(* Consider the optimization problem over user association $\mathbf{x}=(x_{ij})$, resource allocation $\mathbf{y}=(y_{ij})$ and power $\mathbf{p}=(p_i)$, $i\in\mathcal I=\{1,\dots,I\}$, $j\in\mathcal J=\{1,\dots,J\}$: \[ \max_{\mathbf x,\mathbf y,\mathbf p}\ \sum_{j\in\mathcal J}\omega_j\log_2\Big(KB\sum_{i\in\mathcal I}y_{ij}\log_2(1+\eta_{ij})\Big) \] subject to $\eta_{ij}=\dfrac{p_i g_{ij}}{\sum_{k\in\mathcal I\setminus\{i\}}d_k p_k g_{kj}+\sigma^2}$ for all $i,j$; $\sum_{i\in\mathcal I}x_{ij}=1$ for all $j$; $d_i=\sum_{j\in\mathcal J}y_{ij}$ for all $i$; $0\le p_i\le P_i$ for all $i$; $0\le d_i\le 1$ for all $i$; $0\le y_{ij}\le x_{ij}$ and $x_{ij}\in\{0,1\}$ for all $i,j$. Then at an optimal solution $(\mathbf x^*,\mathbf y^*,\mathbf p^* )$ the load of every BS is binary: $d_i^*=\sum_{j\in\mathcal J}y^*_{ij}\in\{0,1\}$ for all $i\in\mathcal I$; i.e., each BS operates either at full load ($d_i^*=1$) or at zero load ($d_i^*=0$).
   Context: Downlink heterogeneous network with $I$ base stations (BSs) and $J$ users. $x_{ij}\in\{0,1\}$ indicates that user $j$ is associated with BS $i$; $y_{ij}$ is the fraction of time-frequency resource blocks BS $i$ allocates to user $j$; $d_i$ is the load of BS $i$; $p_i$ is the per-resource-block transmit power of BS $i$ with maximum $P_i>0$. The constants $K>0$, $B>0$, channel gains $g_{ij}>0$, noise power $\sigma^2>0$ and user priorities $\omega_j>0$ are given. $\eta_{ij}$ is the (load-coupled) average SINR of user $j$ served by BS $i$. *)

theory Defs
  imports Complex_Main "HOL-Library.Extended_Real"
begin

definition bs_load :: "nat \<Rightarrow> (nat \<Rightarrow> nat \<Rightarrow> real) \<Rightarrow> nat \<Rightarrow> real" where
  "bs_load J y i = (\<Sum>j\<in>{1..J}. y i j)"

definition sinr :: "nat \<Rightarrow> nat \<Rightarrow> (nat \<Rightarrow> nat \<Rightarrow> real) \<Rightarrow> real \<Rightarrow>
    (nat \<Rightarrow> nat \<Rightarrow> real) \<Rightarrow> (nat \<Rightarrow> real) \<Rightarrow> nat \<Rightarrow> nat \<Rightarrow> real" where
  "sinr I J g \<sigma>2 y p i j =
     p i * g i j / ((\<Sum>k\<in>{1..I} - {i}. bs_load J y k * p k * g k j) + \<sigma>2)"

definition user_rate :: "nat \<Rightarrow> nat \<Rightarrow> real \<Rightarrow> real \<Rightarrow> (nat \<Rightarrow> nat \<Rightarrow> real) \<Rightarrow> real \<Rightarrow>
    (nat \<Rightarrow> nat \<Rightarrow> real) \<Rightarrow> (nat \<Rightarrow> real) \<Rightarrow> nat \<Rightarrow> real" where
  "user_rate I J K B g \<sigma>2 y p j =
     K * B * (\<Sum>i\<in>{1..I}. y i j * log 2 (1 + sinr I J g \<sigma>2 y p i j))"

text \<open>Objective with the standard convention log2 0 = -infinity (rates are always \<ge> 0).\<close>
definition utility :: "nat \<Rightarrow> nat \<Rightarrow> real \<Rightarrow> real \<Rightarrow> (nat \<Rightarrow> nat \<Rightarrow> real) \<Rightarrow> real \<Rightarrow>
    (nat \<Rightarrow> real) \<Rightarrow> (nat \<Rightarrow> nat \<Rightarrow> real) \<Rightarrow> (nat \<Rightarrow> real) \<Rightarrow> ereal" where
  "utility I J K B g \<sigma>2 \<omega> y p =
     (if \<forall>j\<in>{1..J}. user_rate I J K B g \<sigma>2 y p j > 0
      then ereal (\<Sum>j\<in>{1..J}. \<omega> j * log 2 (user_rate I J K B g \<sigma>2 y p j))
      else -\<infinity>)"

*WHAT TO WORK ON*:
If a line of the listing contains "ereal", count it; state the final number and nothing more.

*SOLUTION FOR THIS PROBLEM*:
2